苛原が教授に就任してから16年が経過しました。現在の大学での実動人数は、教授1、准教授(特任1を含む)3、講師2、助教(特任5を含む)9、医員(産婦人科専攻医)6、大学院生5名の合計26名です。加えて、保健学科の安井敏之教授、医学科衛生学分野の上村浩一准教授が教育、研究、臨床、診療をサポートしていただいおり、臨床研修のために、臨床教授10名、臨床助教授3名をお願いしています。ここ12年間の新入局者は年間平均4名程度です。

 いわゆる関連病院は、徳島県に10病院、香川県に8病院、高知県に4病院、愛媛県に1病院、近畿圏に3病院、その他、札幌、岡山の2病院を含め27病院あり、約90名の医師を派遣しています。

 大学病院内での臨床実績では、1日外来数は平均150人で大学病院内の単一診療科ではトップになっています。一般病床は産科27床、婦人科26床の53床で、稼働率は90 %、年間の手術件数は約650件、分娩数も約650年件で、在院日数約8日、多忙を極めています。また周産母子センター内に母体胎児管理ユニット(MFICU)6床、新生児管理ユニット(NICU)は9床を擁し、徳島県内で唯一の総合周産期母子医療センターとなっており、1年中満床状態が続いています。

 研究面では、飯田教授以来の教室のメインテーマである「不妊・内分泌」を中心に研究を進めています。現在、不妊・生殖医学系として内分泌班(松崎利也准教授)と生殖生理班(桑原章准教授)、更年期や女性内科を中心とした女性のトータルライフの研究を行う女性医学班(加藤剛史助教)、周産期班(加地講師)、婦人科腫瘍班(西村講師)を加えて5研究班体制でバランス良く積極的に進めており、外国に通用する研究を目指して頑張っています。

●これからの展望

(1)教育研修体制

初期研修必須化、産科救急の増加、女性医師の増加で現在の産婦人科医療を取り巻く環境、特に若手医師のリクルートには厳しいものがあります。大学の本当の意味での仕事は優秀な人材の輩出ですので、長期的な人材育成の観点に立って、将来の徳島大学産婦人科を背負う人材育成の基盤を作って行きたいと思います。最近の入医者は毎年4名程度であり、なかなか以前の勢いは取り戻していませんが、幸いやる気のある優秀な人材が入局していますので、教室員一丸となって育てて行きたいと思います。

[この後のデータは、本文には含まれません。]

lemma K_solution_radius_sq_unbounded:
  assumes S: "K_solution h \<tau> \<mu>" and "h \<noteq> 0"
  shows "\<exists>s\<ge>a. B < (\<tau> s)^2 + (\<mu> s)^2"
proof (rule ccontr)
  define \<rho> where "\<rho> = (\<lambda>t. (\<tau> t)^2 + (\<mu> t)^2)"
  assume "\<not> ?thesis"
  hence bounded: "\<And>s. a \<le> s \<Longrightarrow> \<rho> s \<le> B" unfolding \<rho>_def by force
  have \<rho>': "\<And>x. (\<rho> has_real_derivative 2 * \<tau> x) (at x)"
    unfolding \<rho>_def by (rule K_solution_radius_sq_deriv[OF S])
  obtain \<delta> where "0 < \<delta>"
    and near_axis: "\<And>x y. x^2 + y^2 \<le> B \<Longrightarrow> \<bar>x\<bar> \<le> \<delta> \<Longrightarrow> min 1 (h^2) / 2 \<le> 1 + Kfun h x y * y"
    using tau_speed_ge_near_axis[OF \<open>h \<noteq> 0\<close>, of B] by blast
  define c where "c = min 1 (h^2) / 2"
  have "0 < c" using \<open>h \<noteq> 0\<close> by (simp add: c_def)
  have speed: "c \<le> 1 + Kfun h (\<tau> x) (\<mu> x) * \<mu> x" if "a \<le> x" "\<bar>\<tau> x\<bar> \<le> \<delta>" for x
    using near_axis bounded that unfolding c_def \<rho>_def by blast
  have "\<exists>s\<ge>a. - \<delta> \<le> \<tau> s"
  proof (rule ccontr)
    assume "\<not> ?thesis"
    hence "2 * \<delta> \<le> - 2 * \<tau> x" if "a \<le> x" for x using that by force
    then obtain s where "0 < - \<rho> s"
      using exceeds_bound_if_deriv_ge_pos[OF DERIV_minus[OF \<rho>'], of "2 * \<delta>" a 0] \<open>0 < \<delta>\<close> by auto
    then show False unfolding \<rho>_def by (smt (verit) zero_le_power2)
  qed
  then obtain s2 where "a \<le> s2" "- \<delta> \<le> \<tau> s2" by blast
  define s3 where "s3 = s2 + 2 * \<delta> / c"
  have "s2 \<le> s3" using \<open>0 < c\<close> \<open>0 < \<delta>\<close> by (simp add: s3_def)
  have "\<delta> \<le> \<tau> t" if "s3 \<le> t" for t
    by (rule passes_strip_if_deriv_ge_on_strip[OF K_solution_tau_deriv[OF S] \<open>0 < c\<close>, of \<delta> s2])
       (use speed \<open>a \<le> s2\<close> \<open>- \<delta> \<le> \<tau> s2\<close> \<open>0 < \<delta>\<close> that s3_def in auto)
  then obtain s where "s3 \<le> s" "B < \<rho> s"
    using exceeds_bound_if_deriv_ge_pos[OF \<rho>', of "2 * \<delta>" s3 B] \<open>0 < \<delta>\<close> by auto
  then show False using bounded[of s] \<open>a \<le> s2\<close> \<open>s2 \<le> s3\<close> by simp
qed

lemma K_solution_tau_nonneg_somewhere_after:
  assumes S: "K_solution h \<tau> \<mu>" and "h \<noteq> 0"
  shows "\<exists>s\<ge>a. 0 \<le> \<tau> s"
proof (rule ccontr)
  assume "\<not> ?thesis"
  hence "\<tau> s < 0" if "a \<le> s" for s using that by force
  hence "(\<tau> s)^2 + (\<mu> s)^2 \<le> (\<tau> a)^2 + (\<mu> a)^2" if "a \<le> s" for s
    using linear_upper_bound_of_deriv_le[OF K_solution_radius_sq_deriv[OF S] that, of 0] by force
  then show False
    using K_solution_radius_sq_unbounded[OF S \<open>h \<noteq> 0\<close>, of a "(\<tau> a)^2 + (\<mu> a)^2"] by force
qed

lemma K_solution_tau_sign_change:
  assumes S: "K_solution h \<tau> \<mu>" and "h \<noteq> 0"
  obtains s0 where "\<tau> s0 = 0" "\<And>s. s < s0 \<Longrightarrow> \<tau> s < 0" "\<And>s. s0 < s \<Longrightarrow> 0 < \<tau> s"
proof -
  note S' = K_solution_reflect[OF S]
  obtain p where "0 \<le> p" "0 \<le> \<tau> p"
    using K_solution_tau_nonneg_somewhere_after[OF S \<open>h \<noteq> 0\<close>, of 0] by blast
  obtain q where "0 \<le> q" "\<tau> (- q) \<le> 0"
    using K_solution_tau_nonneg_somewhere_after[OF S' \<open>h \<noteq> 0\<close>, of 0] by auto
  have "isCont \<tau> x" for x using K_solution_tau_deriv[OF S] DERIV_isCont by blast
  then obtain s0 where "\<tau> s0 = 0"
    using IVT[of \<tau> "- q" 0 p] \<open>0 \<le> p\<close> \<open>0 \<le> q\<close> \<open>0 \<le> \<tau> p\<close> \<open>\<tau> (- q) \<le> 0\<close> by auto
  moreover have "\<tau> s < 0" if "s < s0" for s
    using K_solution_tau_pos_after_zero[OF S' \<open>h \<noteq> 0\<close>, of "- s0" "- s"] \<open>\<tau> s0 = 0\<close> that by simp
  ultimately show ?thesis
    using that K_solution_tau_pos_after_zero[OF S \<open>h \<noteq> 0\<close>] by blast
qed

lemma K_solution_radius_sq_tendsto_at_top:
  assumes S: "K_solution h \<tau> \<mu>" and "h \<noteq> 0" and "\<tau> s0 = 0"
  shows "filterlim (\<lambda>t. (\<tau> t)^2 + (\<mu> t)^2) at_top at_top"
proof -
  define \<rho> where "\<rho> = (\<lambda>t. (\<tau> t)^2 + (\<mu> t)^2)"
  have "0 \<le> \<tau> t" if "s0 \<le> t" for t
    using K_solution_tau_pos_after_zero[OF S \<open>h \<noteq> 0\<close> \<open>\<tau> s0 = 0\<close>, of t] \<open>\<tau> s0 = 0\<close> that
    by (cases "t = s0") auto
  hence mono: "\<rho> t \<le> \<rho> s" if "s0 \<le> t" "t \<le> s" for s t
    using linear_lower_bound_of_deriv_ge[OF K_solution_radius_sq_deriv[OF S] \<open>t \<le> s\<close>, of 0] that
    unfolding \<rho>_def by force
  show ?thesis unfolding filterlim_at_top eventually_at_top_linorder \<rho>_def[symmetric]
  proof
    fix Z
    obtain t where "s0 \<le> t" "Z < \<rho> t"
      using K_solution_radius_sq_unbounded[OF S \<open>h \<noteq> 0\<close>, of s0 Z] unfolding \<rho>_def by blast
    then show "\<exists>N. \<forall>s\<ge>N. Z \<le> \<rho> s" using mono by (meson less_imp_le order.trans)
  qed
qed

theorem claim3:
  fixes h :: real and \<tau> \<mu> :: "real \<Rightarrow> real"
  assumes hpos: "h > 0"
    and tau_ode: "\<And>s. (\<tau> has_real_derivative (1 + Kfun h (\<tau> s) (\<mu> s) * \<mu> s)) (at s)"
    and mu_ode: "\<And>s. (\<mu> has_real_derivative (- Kfun h (\<tau> s) (\<mu> s) * \<tau> s)) (at s)"
  shows "\<exists>s0. \<tau> s0 = 0 \<and> (\<forall>s. \<tau> s = 0 \<longrightarrow> s = s0)
           \<and> (\<forall>s. s < s0 \<longrightarrow> \<tau> s < 0) \<and> (\<forall>s. s > s0 \<longrightarrow> \<tau> s > 0)
           \<and> (\<forall>s. (\<tau> s0)^2 + (\<mu> s0)^2 \<le> (\<tau> s)^2 + (\<mu> s)^2)
           \<and> (\<forall>s. ((\<lambda>t. (\<tau> t)^2 + (\<mu> t)^2) has_real_derivative 0) (at s) \<longleftrightarrow> s = s0)
           \<and> filterlim (\<lambda>t. (\<tau> t)^2 + (\<mu> t)^2) at_top at_top
           \<and> filterlim (\<lambda>t. (\<tau> t)^2 + (\<mu> t)^2) at_top at_bot"
proof -
  have S: "K_solution h \<tau> \<mu>" and "h \<noteq> 0" using tau_ode mu_ode hpos by (auto simp: K_solution_def)
  obtain s0 where zero: "\<tau> s0 = 0" and neg: "\<And>s. s < s0 \<Longrightarrow> \<tau> s < 0" and pos: "\<And>s. s0 < s \<Longrightarrow> 0 < \<tau> s"
    using K_solution_tau_sign_change[OF S \<open>h \<noteq> 0\<close>] by blast
  have uniq: "\<tau> s = 0 \<Longrightarrow> s = s0" for s using neg pos by (metis less_irrefl neqE)
  note \<rho>' = K_solution_radius_sq_deriv[OF S]
  have "(\<tau> s0)^2 + (\<mu> s0)^2 \<le> (\<tau> s)^2 + (\<mu> s)^2" for s
  proof (rule global_min_if_deriv_changes_sign[OF \<rho>'])
    show "2 * \<tau> x \<le> 0" if "x \<le> s0" for x using neg[of x] zero that by (cases "x = s0") auto
    show "0 \<le> 2 * \<tau> x" if "s0 \<le> x" for x using pos[of x] zero that by (cases "x = s0") auto
  qed
  moreover have "((\<lambda>t. (\<tau> t)^2 + (\<mu> t)^2) has_real_derivative 0) (at s) \<longleftrightarrow> s = s0" for s
  proof
    assume "((\<lambda>t. (\<tau> t)^2 + (\<mu> t)^2) has_real_derivative 0) (at s)"
    hence "2 * \<tau> s = 0" using DERIV_unique \<rho>' by blast
    then show "s = s0" using uniq by simp
  qed (use \<rho>'[of s0] zero in simp)
  moreover have "filterlim (\<lambda>t. (\<tau> t)^2 + (\<mu> t)^2) at_top at_bot"
  proof -
    have "filterlim (\<lambda>t. (- \<tau> (- t))^2 + (- \<mu> (- t))^2) at_top at_top"
      using K_solution_radius_sq_tendsto_at_top[OF K_solution_reflect[OF S] \<open>h \<noteq> 0\<close>, of "- s0"] zero
      by simp
    then show ?thesis unfolding filterlim_at_bot_mirror by simp
  qed
  ultimately show ?thesis
    using zero uniq neg pos K_solution_radius_sq_tendsto_at_top[OF S \<open>h \<noteq> 0\<close> zero] by blast
qed

end
lemma op_poly_linear_factor:
  assumes "vec_linear u"
  shows "op_poly u ([:-r, 1:] * q) x = op_poly u q (u x - r *s x)"
proof -
  let ?N = "Suc (degree q)"
  let ?S1 = "\<Sum>i\<le>degree q. coeff q i *s (u ^^ i) (u x)"
  let ?S2 = "\<Sum>i\<le>degree q. (r * coeff q i) *s (u ^^ i) x"
  have deg: "degree ([:-r, 1:] * q) \<le> ?N"
    using degree_mult_le[of "[:-r, 1:]" q] by simp
  have "[:-r, 1:] * q = smult (-r) q + pCons 0 q" by simp
  then have "op_poly u ([:-r, 1:] * q) x
      = (\<Sum>i\<le>?N. (-r * coeff q i + coeff (pCons 0 q) i) *s (u ^^ i) x)"
    using op_poly_eq_sum_atMost[OF deg] by simp
  also have "\<dots> = (\<Sum>i\<le>?N. (-r * coeff q i) *s (u ^^ i) x) + (\<Sum>i\<le>?N. coeff (pCons 0 q) i *s (u ^^ i) x)"
    by (simp only: vec.scale_left_distrib sum.distrib)
  also have "(\<Sum>i\<le>?N. coeff (pCons 0 q) i *s (u ^^ i) x) = ?S1"
    by (subst sum.atMost_Suc_shift) (simp add: funpow_swap1)
  also have "(\<Sum>i\<le>?N. (-r * coeff q i) *s (u ^^ i) x) = - ?S2"
    by (simp add: coeff_eq_0 sum_negf)
  also have "- ?S2 + ?S1 = (\<Sum>i\<le>degree q. coeff q i *s ((u ^^ i) (u x) - r *s (u ^^ i) x))"
    by (simp add: vec.scale_right_diff_distrib sum_subtractf mult.commute)
  also have "\<dots> = op_poly u q (u x - r *s x)"
    unfolding op_poly_def using vec_linear_funpow[OF assms]
    by (simp add: vec.linear_diff vec.linear_scale)
  finally show ?thesis .
qed

text \<open>Peeling off linear factors of \<open>p\<close> (which exist by the fundamental theorem of algebra)
  one at a time, the last nonzero vector produced is an eigenvector.\<close>
lemma eigenvector_if_op_poly_eq_0:
  fixes u :: "complex^'n \<Rightarrow> complex^'n"
  assumes u: "vec_linear u" and W: "vec.subspace W" "u ` W \<subseteq> W"
  shows "p \<noteq> 0 \<Longrightarrow> x \<in> W \<Longrightarrow> x \<noteq> 0 \<Longrightarrow> op_poly u p x = 0 \<Longrightarrow>
    \<exists>v\<in>W. v \<noteq> 0 \<and> (\<exists>c. u v = c *s v)"
proof (induction "degree p" arbitrary: p x rule: less_induct)
  case less
  show ?case
  proof (cases "degree p = 0")
    case True
    then have "op_poly u p x = coeff p 0 *s x" by (simp add: op_poly_def)
    moreover have "coeff p 0 \<noteq> 0" using True less.prems(1) leading_coeff_0_iff by fastforce
    ultimately show ?thesis using less.prems by simp
  next
    case False
    then have "\<not> constant (poly p)" by (simp add: constant_degree)
    then obtain r where "poly p r = 0" using fundamental_theorem_of_algebra by blast
    then obtain q where pq: "p = [:-r, 1:] * q" by (metis dvdE poly_eq_0_iff_dvd)
    with less.prems have "q \<noteq> 0" by auto
    then have "degree p = degree [:-r, 1:] + degree q"
      unfolding pq by (intro degree_mult_eq) auto
    then have deg: "degree q < degree p" by simp
    show ?thesis
    proof (cases "u x - r *s x = 0")
      case True
      then show ?thesis using less.prems by auto
    next
      case False
      have "u x - r *s x \<in> W"
        using W less.prems(2) by (auto intro: vec.subspace_diff vec.subspace_scale)
      moreover have "op_poly u q (u x - r *s x) = 0"
        using less.prems(4) pq op_poly_linear_factor[OF u] by simp
      ultimately show ?thesis using less.hyps[OF deg \<open>q \<noteq> 0\<close>] False by blast
    qed
  qed
qed

lemma vec_family_dependent:
  fixes g :: "nat \<Rightarrow> 'a::field^'n"
  assumes g: "\<And>i. i \<le> d \<Longrightarrow> g i \<in> W" and d: "vec.dim W \<le> d"
  obtains c where "\<exists>i\<le>d. c i \<noteq> 0" and "(\<Sum>i\<le>d. c i *s g i) = 0"
proof (cases "inj_on g {..d}")
  case True
  have "\<not> vec.independent (g ` {..d})"
  proof
    assume "vec.independent (g ` {..d})"
    then have "card (g ` {..d}) \<le> vec.dim W"
      using g by (intro vec.independent_card_le_dim) auto
    with True d show False by (simp add: card_image)
  qed
  then obtain c where "\<exists>v\<in>g ` {..d}. c v \<noteq> 0" "(\<Sum>v\<in>g ` {..d}. c v *s v) = 0"
    using vec.dependent_finite[of "g ` {..d}"] by auto
  with True show ?thesis by (intro that[of "c \<circ> g"]) (auto simp: sum.reindex)
next
  case False
  then obtain i j where ij: "i < j" "j \<le> d" "g i = g j"
    unfolding inj_on_def by (metis atMost_iff linorder_neqE_nat)
  let ?c = "\<lambda>l. if l = j then 1 else if l = i then -1 else 0"
  have "(\<Sum>l\<le>d. ?c l *s g l) = (\<Sum>l\<in>{i, j}. ?c l *s g l)"
    by (rule sum.mono_neutral_right) (use ij in auto)
  also have "\<dots> = 0" using ij by simp
  finally show ?thesis using ij by (intro that[of ?c]) auto
qed

lemma op_poly_annihilator_exists:
  assumes "u ` W \<subseteq> W" "w \<in> W"
  obtains p where "p \<noteq> 0" "op_poly u p w = 0"
proof -
  let ?d = "vec.dim W"
  obtain c where c: "\<exists>i\<le>?d. c i \<noteq> 0" "(\<Sum>i\<le>?d. c i *s (u ^^ i) w) = 0"
    using vec_family_dependent[of ?d "\<lambda>i. (u ^^ i) w" W] funpow_in_invariant[OF assms] by blast
  define p where "p = (\<Sum>i\<le>?d. monom (c i) i)"
  have coeff_p: "coeff p j = (if j \<le> ?d then c j else 0)" for j
    unfolding p_def by (simp add: coeff_sum)
  have "degree p \<le> ?d" by (rule degree_le) (simp add: coeff_p)
  then have "op_poly u p w = 0"
    using c(2) by (simp add: op_poly_eq_sum_atMost coeff_p)
  moreover have "p \<noteq> 0" using c(1) coeff_p by (metis coeff_0)
  ultimately show ?thesis by (rule that[rotated])
qed

lemma eigenvector_exists:
  fixes u :: "complex^'n \<Rightarrow> complex^'n"
  assumes "vec_linear u" "vec.subspace W" "u ` W \<subseteq> W" "w \<in> W" "w \<noteq> 0"
  obtains v c where "v \<in> W" "v \<noteq> 0" "u v = c *s v"
  using op_poly_annihilator_exists[OF assms(3,4)] eigenvector_if_op_poly_eq_0[OF assms(1-3)] assms(4,5)
  by metis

 そのために、学部から卒後10年目頃までのサブスペシャリティの専門医資格を取るまでの間について、明確な研修プログラムを作成して、レベルの高い産婦人科医の養成を目指したいと思います。特に、学部から初期研修時代(入局前)には、この点を視野に入れた初期計画として産婦人科医療に馴染む工夫をしたいと考えております。また、卒後3年目からの中期研修(入局後)では、産婦人科専門医を取るまでの明確な研修プログラムを設定し、専門医制度への対応(産婦人科一般の研修)を行いたいと思います。さらに、卒後後期研修ではサブスペシャリティ(周産期専門医、婦人科腫瘍専門医生殖医療専門医、内分泌専門医・女性医学専門医、産婦人科内視鏡認定医、乳癌検診認定医など)を考慮に入れた研修を行いたいと思います。

(2)高度医療の実践

 徳島大学病院での産科婦人科の目標として、1)全国屈指の不妊治療センターになること、2)総合周産期母子医療センターとして、東四国から淡路島にまたがる産科救急医療を支えること、3)四国東部の産婦人科腫瘍センターになること、4)新しい分野である女性総合医療へ取組(例えば乳癌、性差医療など)を定着させること、5)徳島大学病院の診療科として、地域医療連携・関連病院との連携を図ること、の5点を重点的に進めたいと思います

(3)研究体制の強化

 産婦人科の4研究分野(周産期、婦人科腫瘍、不妊内分泌、女性医学)について、国際的に通用する研究を進めたいと思います。そのため、研究体制・テーマを見直し、外部資金の積極的な獲得を勧めるとともに、外国からの大学院生の積極的な受け入れも検討して行きたいと思います。